● **What you will do**
Print verbatim the lines of the entries from the one containing "by (intro sums_divide)" to the last, inclusive, and no others.

Records from a data source:

lemma a_seq_recurrence:
  assumes "1 \<le> n"
  shows "(real n + 1) * a_seq (n + 1)
           = 2 * (real n + 1) * a_seq n + 3 * (real n - 1) * a_seq (n - 1)"
proof -
  have "(\<Sum>k=1..n+1. (real n + 1) * a_term (n + 1) k - 2 * (real n + 1) * a_term n k
           - 3 * (real n - 1) * a_term (n - 1) k) = (\<Sum>k=1..n+1. a_cert n (Suc k) - a_cert n k)"
    using a_term_telescoping[OF assms] by (intro sum.cong refl) simp
  also have "\<dots> = a_cert n (n + 2) - a_cert n 1"
    by (subst sum_Suc_diff) simp_all
  also have "\<dots> = 0"
    using assms by (simp add: a_cert_def)
  finally have summed: "(real n + 1) * (\<Sum>k=1..n+1. a_term (n + 1) k)
      = 2 * (real n + 1) * (\<Sum>k=1..n+1. a_term n k)
        + 3 * (real n - 1) * (\<Sum>k=1..n+1. a_term (n - 1) k)"
    by (simp only: sum_subtractf sum_distrib_left[symmetric])
  have third: "3 * (real n - 1) * a_seq (n - 1) = 3 * (real n - 1) * (\<Sum>k=1..n+1. a_term (n - 1) k)"
  proof (cases "n = 1")
    case False
    then show ?thesis using assms by (simp only: a_seq_eq_sum_a_term[of "n - 1" "n + 1"])
  qed simp
  have first: "real (a_seq (n + 1)) = (\<Sum>k=1..n+1. a_term (n + 1) k)"
    and second: "real (a_seq n) = (\<Sum>k=1..n+1. a_term n k)"
    using assms by (simp_all only: a_seq_eq_sum_a_term)
  show ?thesis
    unfolding third first second by (rule summed)
qed

lemma fps_eq_const_times_1_plus_X:
  fixes V :: "'a :: field_char_0 fps"
  assumes "(1 + fps_X) * fps_deriv V = V"
  shows "V = fps_const (fps_nth V 0) * (1 + fps_X)"
proof -
  define c where "c = fps_nth V 0"
  have step: "fps_nth V (Suc n) = (1 - of_nat n) / of_nat (Suc n) * fps_nth V n" for n
  proof -
    have "of_nat (Suc n) * fps_nth V (Suc n) + of_nat n * fps_nth V n = fps_nth V n"
      using arg_cong[OF assms, of "\<lambda>F. fps_nth F n"]
      by (cases n) (simp_all add: distrib_right)
    then show ?thesis
      by (simp add: field_simps del: of_nat_Suc)
  qed
  have "fps_nth V n = (if n \<le> 1 then c else 0)" for n
    by (induction n) (auto simp: step le_Suc_eq c_def)
  then show ?thesis
    unfolding c_def[symmetric] by (intro fps_ext) simp
qed

locale sqrt_gf_recurrence =
  fixes u :: "nat \<Rightarrow> real"
  assumes u0: "u 0 = 1" and u1: "u 1 = 2"
    and u_rec: "\<And>n. 1 \<le> n \<Longrightarrow>
      (real n + 1) * u (n + 1) = 2 * (real n + 1) * u n + 3 * (real n - 1) * u (n - 1)"
begin

lemma fps_ode: "(1 - 2 * fps_X - 3 * fps_X ^ 2) * fps_deriv (Abs_fps u) = 2 * Abs_fps u"
proof (rule fps_ext)
  fix n
  have coeff: "fps_nth ((1 - 2 * fps_X - 3 * fps_X ^ 2) * F) n
      = fps_nth F n - (if n = 0 then 0 else 2 * fps_nth F (n - 1))
          - (if n < 2 then 0 else 3 * fps_nth F (n - 2))"
    for F :: "real fps"
  proof -
    have "(1 - 2 * fps_X - 3 * fps_X ^ 2) * F = F - 2 * (fps_X * F) - 3 * (fps_X ^ 2 * F)"
      by (simp add: algebra_simps)
    then show ?thesis by (simp add: fps_X_power_mult_nth fps_X_mult_nth)
  qed
  have rhs: "fps_nth (2 * Abs_fps u) n = 2 * u n"
    by (simp add: numeral_fps_const)
  consider "n = 0" | "n = 1" | m where "n = m + 2"
    by (metis One_nat_def add_2_eq_Suc' not0_implies_Suc)
  then show "fps_nth ((1 - 2 * fps_X - 3 * fps_X ^ 2) * fps_deriv (Abs_fps u)) n
      = fps_nth (2 * Abs_fps u) n"
  proof cases
    case 1
    then show ?thesis using u1 by (simp add: coeff u0)
  next
    case 2
    then show ?thesis using u_rec[of 1] u1 by (simp add: coeff u0 numeral_2_eq_2 fps_numeral_nth)
  next
    case 3
    then show ?thesis
      using u_rec[of "m + 2"] unfolding coeff rhs by (simp add: numeral_2_eq_2 algebra_simps)
  qed
qed

lemma fps_square_identity: "Abs_fps u * Abs_fps u * (1 - 3 * fps_X) = 1 + fps_X"
proof -
  let ?U = "Abs_fps u"
  define V where "V = ?U * ?U * (1 - 3 * fps_X)"
  have "(1 + fps_X) * fps_deriv V
      = 2 * ?U * ((1 - 2 * fps_X - 3 * fps_X ^ 2) * fps_deriv ?U) - 3 * (1 + fps_X) * (?U * ?U)"
    by (simp add: V_def fps_deriv_mult algebra_simps power2_eq_square)
  also have "\<dots> = 2 * ?U * (2 * ?U) - 3 * (1 + fps_X) * (?U * ?U)"
    unfolding fps_ode ..
  also have "\<dots> = V"
    by (simp add: V_def algebra_simps)
  finally have "V = fps_const (fps_nth V 0) * (1 + fps_X)"
    by (rule fps_eq_const_times_1_plus_X)
  then show ?thesis
    by (simp add: V_def u0)
qed

lemma abs_le_power_3: "\<bar>u n\<bar> \<le> 3 ^ n"
proof (induction n rule: induct_nat_012)
  case (ge2 m)
  have "(real m + 2) * u (m + 2) = 2 * (real m + 2) * u (m + 1) + 3 * real m * u m"
    using u_rec[of "m + 1"] by (simp add: algebra_simps)
  then have "(real m + 2) * \<bar>u (m + 2)\<bar> = \<bar>2 * (real m + 2) * u (m + 1) + 3 * real m * u m\<bar>"
    by (metis abs_mult abs_of_nonneg of_nat_0_le_iff add_nonneg_nonneg zero_le_numeral)
  also have "\<dots> \<le> 2 * (real m + 2) * \<bar>u (m + 1)\<bar> + 3 * real m * \<bar>u m\<bar>"
    by (rule order_trans[OF abs_triangle_ineq]) (simp add: abs_mult)
  also have "\<dots> \<le> 2 * (real m + 2) * 3 ^ (m + 1) + 3 * real m * 3 ^ m"
    using ge2 by (intro add_mono mult_left_mono) auto
  also have "\<dots> \<le> (real m + 2) * 3 ^ (m + 2)"
    by (simp add: algebra_simps)
  finally show ?case
    by (simp add: mult_le_cancel_left_pos)
qed (use u0 u1 in simp_all)

lemma norm_less_fps_conv_radius:
  fixes z :: real
  assumes "\<bar>z\<bar> < 1 / 4"
  shows "ereal (norm z) < fps_conv_radius (Abs_fps u)"
proof -
  have "summable (\<lambda>n. u n * (1 / 4) ^ n)"
  proof (rule summable_comparison_test')
    show "summable (\<lambda>n. (3 / 4 :: real) ^ n)" by simp
    show "norm (u n * (1 / 4) ^ n) \<le> (3 / 4) ^ n" for n
      using abs_le_power_3[of n] by (simp add: abs_mult power_divide divide_right_mono)
  qed
  then have "ereal (1 / 4) \<le> fps_conv_radius (Abs_fps u)"
    unfolding fps_conv_radius_def using conv_radius_geI[of "\<lambda>n. u n" "1 / 4 :: real"] by simp
  moreover have "ereal (norm z) < ereal (1 / 4)"
    using assms by simp
  ultimately show ?thesis
    by (rule order_less_le_trans[rotated])
qed

lemma sums_eval_fps_Abs_fps: "\<bar>z :: real\<bar> < 1 / 4 \<Longrightarrow> (\<lambda>n. u n * z ^ n) sums eval_fps (Abs_fps u) z"
  using sums_eval_fps[OF norm_less_fps_conv_radius] by simp

lemma eval_fps_Abs_fps_square:
  fixes z :: real
  assumes "\<bar>z\<bar> < 1 / 4"
  shows "eval_fps (Abs_fps u) z ^ 2 * (1 - 3 * z) = 1 + z"
proof -
  have polys: "fps_of_poly [:1, -3:] = (1 - 3 * fps_X :: real fps)"
    "fps_of_poly [:1, 1:] = (1 + fps_X :: real fps)"
    by (simp_all add: fps_of_poly_pCons)
  have "eval_fps (Abs_fps u * Abs_fps u * fps_of_poly [:1, -3:]) z
      = eval_fps (fps_of_poly [:1, 1:]) z"
    unfolding polys using fps_square_identity by simp
  then show ?thesis
    using norm_less_fps_conv_radius[OF assms] fps_conv_radius_mult[of "Abs_fps u" "Abs_fps u"]
    by (simp add: eval_fps_mult order_less_le_trans mult.commute power2_eq_square)
qed

lemma eval_fps_Abs_fps_pos:
  fixes z :: real
  assumes z: "\<bar>z\<bar> < 1 / 6"
  shows "eval_fps (Abs_fps u) z > 0"
proof -
  have "(\<lambda>n. u (Suc n) * z ^ Suc n) sums (eval_fps (Abs_fps u) z - 1)"
    using sums_Suc_iff[of "\<lambda>n. u n * z ^ n"] sums_eval_fps_Abs_fps[of z] z u0 by simp
  moreover have geometric: "(\<lambda>n. 3 * \<bar>z\<bar> * (3 * \<bar>z\<bar>) ^ n) sums (3 * \<bar>z\<bar> / (1 - 3 * \<bar>z\<bar>))"
    using sums_mult[OF geometric_sums[of "3 * \<bar>z\<bar>"], of "3 * \<bar>z\<bar>"] z by simp
  moreover have bound: "norm (u (Suc n) * z ^ Suc n) \<le> 3 * \<bar>z\<bar> * (3 * \<bar>z\<bar>) ^ n" for n
  proof -
    have "norm (u (Suc n) * z ^ Suc n) = \<bar>u (Suc n)\<bar> * \<bar>z\<bar> ^ Suc n"
      by (simp add: abs_mult power_abs)
    also have "\<dots> \<le> 3 ^ Suc n * \<bar>z\<bar> ^ Suc n"
      by (intro mult_right_mono abs_le_power_3 zero_le_power abs_ge_zero)
    also have "\<dots> = 3 * \<bar>z\<bar> * (3 * \<bar>z\<bar>) ^ n"
      by (simp add: power_mult_distrib)
    finally show ?thesis .
  qed
  ultimately have "\<bar>eval_fps (Abs_fps u) z - 1\<bar> \<le> 3 * \<bar>z\<bar> / (1 - 3 * \<bar>z\<bar>)"
    using norm_suminf_le[OF bound sums_summable[OF geometric]] by (simp add: sums_iff)
  also have "\<dots> < 1"
    using z by (simp add: field_simps)
  finally show ?thesis by linarith
qed

lemma sums_sqrt:
  fixes z :: real
  assumes z: "\<bar>z\<bar> < 1 / 6"
  shows "(\<lambda>n. u n * z ^ n) sums (sqrt (1 - 2 * z - 3 * z ^ 2) / (1 - 3 * z))"
proof -
  define w where "w = eval_fps (Abs_fps u) z"
  have "(w * (1 - 3 * z)) ^ 2 = (w ^ 2 * (1 - 3 * z)) * (1 - 3 * z)"
    by (simp add: power2_eq_square)
  also have "\<dots> = (1 + z) * (1 - 3 * z)"
    using eval_fps_Abs_fps_square[of z] z by (simp add: w_def)
  also have "\<dots> = 1 - 2 * z - 3 * z ^ 2"
    by (simp add: algebra_simps power2_eq_square)
  finally have "sqrt (1 - 2 * z - 3 * z ^ 2) = w * (1 - 3 * z)"
    by (rule real_sqrt_unique) (use eval_fps_Abs_fps_pos[OF z] z in \<open>simp add: w_def\<close>)
  then show ?thesis
    using sums_eval_fps_Abs_fps[of z] z by (simp add: w_def)
qed

end

lemma sqrt_gf_recurrence_a_seq:
  "sqrt_gf_recurrence (\<lambda>n. if n = 0 then 1 else 2 * real (a_seq n))"
proof (unfold_locales, goal_cases)
  case 2
  show ?case using a_seq_eq_sum[of 1] by simp
next
  case (3 n)
  \<comment> \<open>for n = 1 the value at 0, where u is not 2 a_seq, carries the factor n - 1 = 0\<close>
  then show ?case
    using a_seq_recurrence[OF 3] by (cases "n = 1") (auto simp: algebra_simps)
qed simp

theorem theorem3:
  shows "\<exists>r>0. \<forall>z::real. \<bar>z\<bar> < r \<longrightarrow>
    (\<lambda>n. real (a_seq (Suc n)) * z ^ Suc n) sums
      ((1 - 3*z - sqrt (1 - 2*z - 3*z^2)) / (6*z - 2))"
proof (intro exI[of _ "1 / 6"] conjI allI impI)
  define u where "u = (\<lambda>n. if n = 0 then 1 else 2 * real (a_seq n))"
  interpret sqrt_gf_recurrence u
    unfolding u_def by (rule sqrt_gf_recurrence_a_seq)
  fix z :: real
  assume z: "\<bar>z\<bar> < 1 / 6"
  define g where "g = sqrt (1 - 2 * z - 3 * z ^ 2) / (1 - 3 * z)"
  have "(\<lambda>n. u (Suc n) * z ^ Suc n / 2) sums ((g - 1) / 2)"
    using sums_sqrt[OF z] sums_Suc_iff[of "\<lambda>n. u n * z ^ n"]
    by (intro sums_divide) (simp add: g_def u0)
  moreover have "(g - 1) / 2 = (1 - 3*z - sqrt (1 - 2*z - 3*z^2)) / (6*z - 2)"
    using z by (simp add: g_def field_simps)
  ultimately show "(\<lambda>n. real (a_seq (Suc n)) * z ^ Suc n) sums
      ((1 - 3*z - sqrt (1 - 2*z - 3*z^2)) / (6*z - 2))"
    by (simp add: u_def)
qed simp

end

● **Response for this exercise**
    by (intro sums_divide) (simp add: g_def u0)
  moreover have "(g - 1) / 2 = (1 - 3*z - sqrt (1 - 2*z - 3*z^2)) / (6*z - 2)"
    using z by (simp add: g_def field_simps)
  ultimately show "(\<lambda>n. real (a_seq (Suc n)) * z ^ Suc n) sums
      ((1 - 3*z - sqrt (1 - 2*z - 3*z^2)) / (6*z - 2))"
    by (simp add: u_def)
qed simp

end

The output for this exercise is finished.